We’re back, baby!

Greetings to our many fans and followers! There are dozens of you!

We are headed back to our study site after a year to recover the broadband seismometers that were deployed in Sept 2021. This array of 28 instruments was designed to characterize background seismicity on the central part of the Queen Charlotte Fault near the 2013 M7.5 Craig, Alaska earthquake. And we get to take the R/V Langseth again! It’s great to be back on the ship with many of the same crew.

View of downtown Seattle from Pier 90, Elliot Bay.

We boarded the ship in Seattle on September 9 and left the dock at noon on the 10th. We have about 3 days of transit to the first ocean bottom seismometer (OBS) recovery site.

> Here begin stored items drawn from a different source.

section \<open>Coprimality over a field without a gcd structure\<close>

text \<open>For an arbitrary field \<open>'k\<close> the type \<open>'k poly\<close> is not an instance of \<open>semiring_gcd\<close>,
  so the library's coprimality lemmas do not apply.\<close>

lemma coprime_imp_bezout_poly:
  fixes a b :: "'k::field poly"
  assumes "coprime a b"
  shows "\<exists>s t. s * a + t * b = 1"
  using assms
proof (induction "euclidean_size b" arbitrary: a b rule: less_induct)
  case less
  show ?case
  proof (cases "b = 0")
    case True
    with less.prems have "a dvd 1"
      by simp
    then obtain s where "1 = a * s" ..
    then show ?thesis by (metis mult.commute add_0_right mult_zero_left)
  next
    case False
    then have "coprime b (a mod b)" and "euclidean_size (a mod b) < euclidean_size b"
      using less.prems by (simp_all add: coprime_commute mod_size_less)
    then obtain s t where st: "s * b + t * (a mod b) = 1"
      using less.hyps by blast
    define q r where "q = a div b" and "r = a mod b"
    have "a = q * b + r"
      by (simp add: q_def r_def)
    then have "t * a + (s - t * q) * b = s * b + t * r"
      by (simp add: algebra_simps)
    with st show ?thesis
      unfolding r_def by metis
  qed
qed

lemma bezout_imp_coprime_poly:
  fixes a b :: "'k::field poly"
  assumes "s * a + t * b = 1"
  shows "coprime a b"
proof (rule coprimeI)
  fix c assume "c dvd a" "c dvd b"
  then have "c dvd s * a + t * b" by simp
  with assms show "is_unit c" by simp
qed

lemma coprime_dvd_mult_poly:
  fixes a b c :: "'k::field poly"
  assumes "coprime a b" "a dvd b * c"
  shows "a dvd c"
proof -
  obtain s t where "s * a + t * b = 1" using coprime_imp_bezout_poly[OF assms(1)] by blast
  then have "c = (s * a + t * b) * c" by simp
  also have "\<dots> = s * c * a + t * (b * c)" by (simp add: algebra_simps)
  also have "a dvd \<dots>" using assms(2) by simp
  finally show ?thesis .
qed

lemma coprime_mult_left_poly:
  fixes a b c :: "'k::field poly"
  assumes "coprime a c" "coprime b c"
  shows "coprime (a * b) c"
proof -
  obtain s t where st: "s * a + t * c = 1" using coprime_imp_bezout_poly[OF assms(1)] by blast
  obtain s' t' where st': "s' * b + t' * c = 1" using coprime_imp_bezout_poly[OF assms(2)] by blast
  have "(s * s') * (a * b) + (s * a * t' + t * s' * b + t * t' * c) * c
      = (s * a + t * c) * (s' * b + t' * c)"
    by (simp add: algebra_simps)
  with st st' show ?thesis by (metis bezout_imp_coprime_poly mult_1)
qed

lemma coprime_power_poly:
  fixes a b :: "'k::field poly"
  assumes "coprime a b"
  shows "coprime (a ^ m) (b ^ n)"
proof -
  have power_left: "coprime (x ^ k) y" if "coprime x y" for x y :: "'k poly" and k
    by (induct k) (simp_all add: that coprime_mult_left_poly)
  have "coprime (b ^ n) (a ^ m)"
    using power_left[of b "a ^ m"] power_left[OF assms] by (simp add: coprime_commute)
  then show ?thesis by (simp add: coprime_commute)
qed

section \<open>Lifting Frobenius over \<open>W\<^sub>2(k)\<close>\<close>

locale truncated_witt =
  fixes p :: nat and \<pi> :: "'w::comm_ring_1 \<Rightarrow> 'k::field" and \<sigma> :: "'w \<Rightarrow> 'w"
    and mp :: "'k \<Rightarrow> 'w"
  assumes W2: "is_W2 p \<pi> \<sigma> mp" and CHAR_k: "CHAR('k) = p" and prime_p: "prime p"
begin

lemma pi_add: "\<pi> (a + b) = \<pi> a + \<pi> b" and pi_mult: "\<pi> (a * b) = \<pi> a * \<pi> b"
  and pi_one: "\<pi> 1 = 1" and pi_surj: "surj \<pi>"
  and p_torsion: "of_nat p * a = 0 \<longleftrightarrow> \<pi> a = 0"
  and sigma_add: "\<sigma> (a + b) = \<sigma> a + \<sigma> b" and sigma_mult: "\<sigma> (a * b) = \<sigma> a * \<sigma> b"
  and sigma_one: "\<sigma> 1 = 1" and pi_sigma: "\<pi> (\<sigma> a) = \<pi> a ^ p"
  and mp_pi: "mp (\<pi> a) = of_nat p * a"
  using W2 unfolding is_W2_def by blast+

lemma prime_CHAR: "prime CHAR('k)"
  using prime_p CHAR_k by simp

sublocale pi: ring_homomorphism \<pi>
  by unfold_locales (simp_all add: pi_add pi_mult pi_one)
theorem equal_revenue_instance_tight:
  assumes "1 < \<rho>"
  shows "\<exists>(\<Theta> :: real measure) (d :: unit \<Rightarrow> real \<Rightarrow> (unit \<Rightarrow> real) \<Rightarrow> real)
               (pbar :: real \<Rightarrow> unit \<Rightarrow> real) (f :: unit \<Rightarrow> real).
               prob_space \<Theta> \<and> (\<forall>i. 0 < f i) \<and> c_demand_nonneg \<Theta> d \<and>
               c_integrable \<Theta> d pbar f \<and> c_A0 \<Theta> d pbar \<and> c_A1 \<Theta> d pbar f \<and>
               c_qmax \<Theta> pbar f / c_qmin \<Theta> pbar f = \<rho> \<and>
               0 < c_f_profit \<Theta> d f \<and>
               c_pers_profit \<Theta> d = (1 + ln \<rho>) * c_f_profit \<Theta> d f"
proof (intro exI conjI)
  have "1 \<le> \<rho>" using assms by simp
  note wtp_pos = equal_revenue_wtp_pos[OF \<open>1 \<le> \<rho>\<close>]
  show "prob_space (lebesgue_on {0..1::real})" by (rule unit_interval.prob_space_axioms)
  show "c_demand_nonneg (lebesgue_on {0..1}) (unit_demand (equal_revenue_wtp \<rho>))"
    by (rule c_demand_nonneg_unit_demand)
  show "c_integrable (lebesgue_on {0..1}) (unit_demand (equal_revenue_wtp \<rho>))
      (\<lambda>j _. equal_revenue_wtp \<rho> j) (\<lambda>_. 1)"
    using \<open>1 \<le> \<rho>\<close> by (rule c_integrable_equal_revenue)
  show "c_A0 (lebesgue_on {0..1}) (unit_demand (equal_revenue_wtp \<rho>))
      (\<lambda>j _. equal_revenue_wtp \<rho> j)"
    using wtp_pos by (rule c_A0_unit_demand)
  show "c_A1 (lebesgue_on {0..1}) (unit_demand (equal_revenue_wtp \<rho>))
      (\<lambda>j _. equal_revenue_wtp \<rho> j) (\<lambda>_. 1)"
    by (rule c_A1_unit_demand)
  show "c_qmax (lebesgue_on {0..1}) (\<lambda>j _. equal_revenue_wtp \<rho> j) (\<lambda>_. 1) /
        c_qmin (lebesgue_on {0..1}) (\<lambda>j _. equal_revenue_wtp \<rho> j) (\<lambda>_. 1) = \<rho>"
    using \<open>1 \<le> \<rho>\<close>
    by (simp add: c_qmax_unit_demand c_qmin_unit_demand SUP_equal_revenue_wtp INF_equal_revenue_wtp)
  show "0 < c_f_profit (lebesgue_on {0..1}) (unit_demand (equal_revenue_wtp \<rho>)) (\<lambda>_. 1)"
    using \<open>1 \<le> \<rho>\<close> by (simp add: c_f_profit_equal_revenue)
  show "c_pers_profit (lebesgue_on {0..1}) (unit_demand (equal_revenue_wtp \<rho>)) =
        (1 + ln \<rho>) * c_f_profit (lebesgue_on {0..1}) (unit_demand (equal_revenue_wtp \<rho>)) (\<lambda>_. 1)"
    using \<open>1 \<le> \<rho>\<close> wtp_pos
    by (simp add: c_pers_profit_unit_demand c_f_profit_equal_revenue integral_equal_revenue_wtp)
qed simp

We are on our second shifts and the science party is doing great so far.

The R/V Langseth, docked at Pier 90. Ready to roll!

This year’s experience has been so different from last year…in 2021 we had COVID quarantines, a very small team and masks always required indoors. This year, no quarantine—everyone had multiple negative tests before boarding—no masks, and a big, fun science party! Along with the co-chief scientists, we have a couple of postdocs, a graduate student and six undergraduate students joining us from Western Washington University. We also have a team of 4 OBS instrument technicians and engineers.

Ain’t no party like a science party! Students, PIs and scientists ready to go.

Having the students aboard is great and we are doing lots of training and learning about the ship’s systems and deck work and safety. We are standing watch, processing bathymetry data and eagerly awaiting our first OBS recovery coming up sometime tomorrow!